Поэзия народов СССР IV – XVIII веков | страница 9
И сонмы сил, недобрых и благих —
Любовь и гнев, проклятья и молитвы,—
Блистают острием мечей своих
И дух мой превращают в поле битвы!
(Нарекаци)
Но осознание невозможности воплощения идеала, в ту пору могущего быть только религиозным, и есть, если вдуматься, глубоко земное чувствование, ибо церковная догматика видела в аскетическом каноне как раз преимущество и доказательство божественного порядка, допускающего достижение идеальности лишь по ту сторону земного существования.

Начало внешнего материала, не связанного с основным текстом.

(* Assume Assumption 1 (randomization) and $0<P(Z=1\mid R=r)<1$, without assuming monotonicity. If $P_{01r}>P_{10r}$, then $\pi_{ss,r}>0$ and $$\max\Big\{0,1-\frac{(1-Q_{11r})P_{11r}}{P_{01r}-P_{10r}}\Big\}-\min\Big\{1,\frac{Q_{01r}P_{01r}}{P_{01r}-P_{10r}}\Big\}\ \le\ ACE_{ss,r}\ \le\ \min\Big\{1,\frac{Q_{11r}P_{11r}}{P_{01r}-P_{10r}}\Big\}+\min\Big\{0,\frac{(1-Q_{01r})P_{01r}}{P_{01r}-P_{10r}}-1\Big\}.$$
   Context: A unit has trial $R$, treatment $Z\in\{0,1\}$, binary potential surrogate and endpoint $S(z),Y(z)$; observed $S=ZS(1)+(1-Z)S(0)$, $Y=ZY(1)+(1-Z)Y(0)$. $U=(S(1),S(0))$ with $ss=(1,1)$, $s\bar{s}=(1,0)$, $\bar{s}s=(0,1)$, $\bar{s}\bar{s}=(0,0)$; $\pi_{ur}=P(U=u\mid R=r)$; $ACE_{ur}=E\{Y(1)-Y(0)\mid U=u,R=r\}$. $P_{zsr}=P(S=s\mid Z=z,R=r)$ and $Q_{zsr}=P(Y=1\mid Z=z,S=s,R=r)$. Assumption 1 (randomization): $Z\perp\!\!\!\perp\{S(1),S(0),Y(1),Y(0)\}\mid R$. *)

theory Defs
  imports "HOL-Probability.Probability"
begin

text \<open>A unit: trial R, treatment Z, potential surrogates S(1), S(0),
  potential endpoints Y(1), Y(0) (binary values encoded as bool).\<close>
record 'r unit_data =
  trial :: 'r
  trt :: bool
  s1 :: bool
  s0 :: bool
  y1 :: bool
  y0 :: bool

definition obsS :: "('r, 'x) unit_data_scheme \<Rightarrow> bool" where
  "obsS \<omega> = (if trt \<omega> then s1 \<omega> else s0 \<omega>)"

definition obsY :: "('r, 'x) unit_data_scheme \<Rightarrow> bool" where
  "obsY \<omega> = (if trt \<omega> then y1 \<omega> else y0 \<omega>)"

definition bv :: "bool \<Rightarrow> real" where "bv b = (if b then 1 else 0)"

definition Pr :: "'a pmf \<Rightarrow> ('a \<Rightarrow> bool) \<Rightarrow> real" where
  "Pr p A = measure_pmf.prob p {\<omega>. A \<omega>}"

Нарекаци хочет поднять земного человека до божественного идеала. Уже в этом заключена та свобода по отношению к регламентированной универсальности средневекового бога, которая создает почву для неоплатонизма. Эта свобода рождает самоуглубленность в живую природу, познание противоречивой сущности человека и вещей, с которой божественная универсальность не в состоянии справиться, ибо она уже не в состоянии ни объять, ни объяснить личность. В результате происходит обожествление человека, а не очеловечивание бога. Но не только. Хотя поэт и стремится к божественному идеалу, однако на пути к нему он раскрывает в человеке такое противоречивое многообразие чисто земных, «плотских», природных качеств и состояний, которые, будучи «греховными», тем не менее начинают играть самодовлеющую роль и значение и в повествовании и в познании мира. В результате, хотя «Книга скорбных песнопений» Нарекаци посвящена всецело богу, хотя каждая глава начинается и кончается «Словом к богу, идущим из глубин сердца», сама реальная панорама человеческого духа и смятенного сознания, созданная поэтом, такова, что получает самостоятельное от него значение; произведение, обращенное к познанию и утверждению идеи божества, есть прежде всего поэма о человеке, о природе его трагического, сомневающегося, ищущего истины духа.

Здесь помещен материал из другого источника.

lemma lift_onI:
  assumes "\<And>C. C \<in> S \<Longrightarrow> H C \<in> A \<and> p (H C) = G C"
    and "\<And>C D. C \<in> S \<Longrightarrow> D \<in> S \<Longrightarrow> C \<le> D \<Longrightarrow> leA (H C) (H D)"
  shows "lift_on S A leA p G H"
  using assms unfolding lift_on_def by (blast intro: monotone_onI)

lemma lift_onD:
  assumes "lift_on S A leA p G H" and "C \<in> S"
  shows "H C \<in> A" and "p (H C) = G C"
  using assms unfolding lift_on_def by auto

lemma lift_on_monoD:
  "lift_on S A leA p G H \<Longrightarrow> C \<in> S \<Longrightarrow> D \<in> S \<Longrightarrow> C \<le> D \<Longrightarrow> leA (H C) (H D)"
  unfolding lift_on_def monotone_on_def by blast

lemma lift_on_subset: "lift_on S A leA p G H \<Longrightarrow> T \<subseteq> S \<Longrightarrow> lift_on T A leA p G H"
  unfolding lift_on_def by (meson monotone_on_subset subsetD)

lemma lift_on_comp:
  assumes "lift_on S A leA p G H" and "f ` T \<subseteq> S" and "monotone_on T (\<le>) (\<le>) f"
    and "\<And>C. C \<in> T \<Longrightarrow> G' C = G (f C)"
  shows "lift_on T A leA p G' (H \<circ> f)"
  using assms unfolding lift_on_def monotone_on_def by (auto simp: image_subset_iff)

lemma lift_on_skeleton_glue:
  assumes H: "lift_on {C \<in> sd2 n. card (\<Union>C) \<le> d} A leA p G H"
    and K: "\<And>\<sigma>. \<sigma> \<subseteq> {..n} \<Longrightarrow> card \<sigma> = Suc d \<Longrightarrow> lift_on {C \<in> sd2 n. \<Union>C \<subseteq> \<sigma>} A leA p G (K \<sigma>)"
    and K_H: "\<And>\<sigma> C. \<sigma> \<subseteq> {..n} \<Longrightarrow> card \<sigma> = Suc d \<Longrightarrow> C \<in> sd2 n \<Longrightarrow> \<Union>C \<subset> \<sigma> \<Longrightarrow> K \<sigma> C = H C"
  shows "lift_on {C \<in> sd2 n. card (\<Union>C) \<le> Suc d} A leA p G
    (\<lambda>C. if card (\<Union>C) = Suc d then K (\<Union>C) C else H C)" (is "lift_on _ A leA p G ?H")
proof -
  have H'_K: "?H C = K \<sigma> C" if \<sigma>: "\<sigma> \<subseteq> {..n}" "card \<sigma> = Suc d" and C: "C \<in> sd2 n" "\<Union>C \<subseteq> \<sigma>" for \<sigma> C
  proof (cases "\<Union>C = \<sigma>")
    case True
    then show ?thesis using \<sigma>(2) by simp
  next
    case False
    then have "\<Union>C \<subset> \<sigma>" using C(2) by blast
    then have "card (\<Union>C) < Suc d"
      using psubset_card_mono[OF finite_subset[OF \<sigma>(1) finite_atMost]] \<sigma>(2) by metis
    then show ?thesis using K_H[OF \<sigma> C(1) \<open>\<Union>C \<subset> \<sigma>\<close>] by simp
  qed
  show ?thesis
  proof (rule lift_onI)
    fix C assume C: "C \<in> {C \<in> sd2 n. card (\<Union>C) \<le> Suc d}"
    show "?H C \<in> A \<and> p (?H C) = G C"
    proof (cases "card (\<Union>C) = Suc d")
      case True
      note face = Union_sd2_subset True
      show ?thesis using C lift_onD[OF K[OF face]] H'_K[OF face] by auto
    next
      case False
      then show ?thesis using C lift_onD[OF H] by auto
    qed
  next
    fix C D assume C: "C \<in> {C \<in> sd2 n. card (\<Union>C) \<le> Suc d}"
      and D: "D \<in> {C \<in> sd2 n. card (\<Union>C) \<le> Suc d}" and "C \<le> D"
    then have CD: "\<Union>C \<subseteq> \<Union>D" by blast
    show "leA (?H C) (?H D)"
    proof (cases "card (\<Union>D) = Suc d")
      case True
      note face = Union_sd2_subset True
      show ?thesis
        using C D CD \<open>C \<le> D\<close> lift_on_monoD[OF K[OF face]] H'_K[OF face] by auto
    next
      case False
      moreover have "card (\<Union>C) \<le> card (\<Union>D)"
        using card_mono[OF finite_Union_sd2 CD] D by blast
      ultimately show ?thesis
        using C D \<open>C \<le> D\<close> lift_on_monoD[OF H] by auto
    qed
  qed
qed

Осознать природу земного человеческого существования армянскому епископу X века помог не только его высокий поэтический дар, но и его способность проникнуть в народную душу, минуя концепции официальной церкви, а в то время это было подвигом.
Грузинские поэты, в противоположность армянским, были больше связаны не с церковью, а с царским двором как центром национально- государственной жизни. Великий Руставели в своем бессмертном «Витязе в тигровой шкуре» воспевает царицу Тамар. Но помимо того, что для патриота XII века она, естественно, представлялась средоточием государственной власти и мудрости, которые, кстати, царица Тамар, как и ее дед и прадед, оправдывали личными достоинствами, само творение Руставели представляет собой прежде всего универсальный целостный свод и кодекс национальной мысли, философии, морали, нравственности, которые сопутствуют грузинскому народу до сих пор. Диалогично этому и воспевания царей и полководцев в поэмах «Тамариани» Чахрухадзе и «Абдул-Мессия» Шавтели являются, по существу, поэтическими историями страны в героический период ее расцвета. Царь, как герой произведения, персонифицирует, в силу своего официального государственного статута, историческую народную сущность.